Dort konnte erstmals die neue Bürgermeisterin Susen Katter begrüßt werden, die die Fastnacht hier gerade intensiv kennenlernt, wie sie sagte, während es noch einen kleinen Rückblick des alten Bürgermeisters Rainer Stolz gab, der verriet, dass er in all der Zeit gar nicht wirklich seines Amtes enthoben gewesen war, da er sich einen Zweitschlüssel für das Rathaus besorgt hatte. Den übergab er nun an Susen Katter in einer kleinen Zeremonie.

Zuvor hatte freilich Narrenschreiber Marcel Reiser eine lange Klagerede über das Schwinden der Macht des "alten weißen Mannes" gehalten, was auch das Stockacher Narrengericht immer mehr bedrohe, wenn jetzt auch noch eine Frau Bürgermeisterin sei. Seine intensive Bitte war, dass man hier doch ein "Reservat" dem Narrengericht gewähre, bei dem man wenigstens über die Fasnetzeit noch eine Illusion der Macht habe. Es sei an der Zeit, das Narrengericht unter Artenschutz zu stellen. Dafür brauche es nur genug Schorle, denn eine solche erhalten einen Gerichtsnarren eine Stunde lang am Leben.

Dass Nachschub an Wein und Schorle ziemlich sicher ist, konnte Tobias Keck als Geschäftsführer der Winzergenossenschaft Hagnau versichern, der aber den Anspruch der Männerrunde hier in Stockach noch manifestierte: Denn wenn ein Kind in Stockach geboren werde, werde das dem Stockacher Narrengericht gleich gemeldet, falls es einen "Zipfel" habe, eben formal erst mal ein Junge sei. Als Laufnarr gebe es zwei Zipfel, als Gerichtsnarr drei Zipfel, den Frauen fehle halt immer von Anfang an ein Zipfel, bemerkte er zu Narri-Rufen der Versammlung.

Vera und Lea Ossola schilderten dazu die Geschichte der "Alt-Stockacherinnen" zu deren 90. Geburtstag in diesem Jahr und dass der Männerclub da anfangs schon seine Probleme hatte, denn der Narrenrichter war in den ersten Jahren der Chef gewesen. Die Gründung sei wohl auch nur möglich gewesen, weil unter den Gründerinnen die Frau des damaligen Narrenrichters August Richter gewesen sei. Und erst 1948 gabs mit Lina Spiegelhalter eine weibliche Leitung und erst 1976 sei eine eigenständige Gliederung innerhalb des Narrengerichts daraus geworden. "Jetzt hoffen wir auf 100 Mitglieder zum 100. Geburtstag", so die beiden.
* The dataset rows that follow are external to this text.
theorem lemma2:
  fixes f :: "real^'n \<Rightarrow> real^'n" and phi :: "real^'n \<Rightarrow> real \<Rightarrow> real^'n"
    and I U V :: "(real^'n) set" and mu :: real
  assumes "smooth_map f"
    and "is_flow f phi"
    and "robustly_safe f I U mu"
    and "closure I \<inter> closure U = {}"
    and "bounded (UNIV - U)"
    and "robust_certificate f I U mu V"
  shows "\<forall>x \<in> flow_reach phi (frontier (closure V)). \<exists>!t. phi x t \<in> frontier (closure V)"
proof
  fix x assume x: "x \<in> flow_reach phi (frontier (closure V))"
  note fl = \<open>is_flow f phi\<close>
  have lip: "\<And>R. \<exists>L. L-lipschitz_on (cball 0 R) f"
    using smooth_map_lipschitz_on_cball[OF \<open>smooth_map f\<close>] by blast
  have "0 < mu"
    using \<open>robustly_safe f I U mu\<close> unfolding robustly_safe_def by blast
  have inv: "eps_reach f mu V \<subseteq> V" and "V \<subseteq> UNIV - U"
    using \<open>robust_certificate f I U mu V\<close> unfolding robust_certificate_def by blast+
  then have "bounded V"
    using \<open>bounded (UNIV - U)\<close> bounded_subset by blast
  show "\<exists>!t. phi x t \<in> frontier (closure V)"
  proof (rule flow_reach_frontier_unique_time[OF flow_add[OF lip fl] flow_zero[OF fl] closed_closure _ x])
    fix y and t :: real
    assume "y \<in> closure V" "0 < t"
    with eps_invariant_flow_closure_into_interior[OF lip fl inv \<open>0 < mu\<close> \<open>bounded V\<close>]
    have "phi y t \<in> interior V"
      by blast
    then show "phi y t \<in> interior (closure V)"
      using interior_mono[OF closure_subset] by blast
  qed
qed

end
Der ehemalige evangelische Pfarrer Rainer Stockburger versicherte seine Verbundenheit zur Stockacher Fastnacht, auch wenn er gerade zwischen Steißlingen und Konstanz pendelt und mit den Narrenrufen etwas durcheinander kommt. Er hatte zudem entdeckt, dass selbst Baron von Münchhausen mit seiner Story vom Flug auf der Kanonenkugel bei Hans Kuony wohl abgeschaut habe, mit der Weisheit, dass man nicht nur wissen müsse, wie man in die Schlacht reinkomme, sondern auch wie man wieder rauskommen könne.

Die Bänkelsänger besangen das "Damenkränzchen Tarantula", im Anschluss gab es für Claus Birmele aus der Gruppe aus den Händen von Narrenrichter Jürgen Koterzyna das bronzene Ehrenzeichen der Vereinigung Schwäbisch Alemannischer Narrenzünfte angesteckt.

Was die Vorurteile betreffs der geistigen Kapazitäten der Zimmerer angeht, so stellte Wischenmeister Ralf Maier klar: Sie treffen zu. Sämtliche akademische Titel seien erschlichen, die Meisterbriefe der Handwerker gefälscht. Zusammen mit Thomas Drews und Jannis Zimmermann aus der Gruppe präsentierte der eindrücklich eine "Holz-her-Rest-weg-Entspannungstasche", mit der man alle äußeren Einflüsse wie sehen, riechen, hören oder reden ausschalten könne. Die Gilde wolle so blöd bleiben, wie sie ist.

Und zum krönenden Abschluss der vormittäglichen Schnitzelbank durfte der frisch gebackene Altgerichtsnarr Siegfried Endres noch einige seiner staubtrockenen Witze zum Besten geben, bevor Karl Bosch mit dem Akkordeon zum Mitsingen einlud, unter anderem das wieder neu arrangierte "Z‘Stocke bliebt mer hocke“.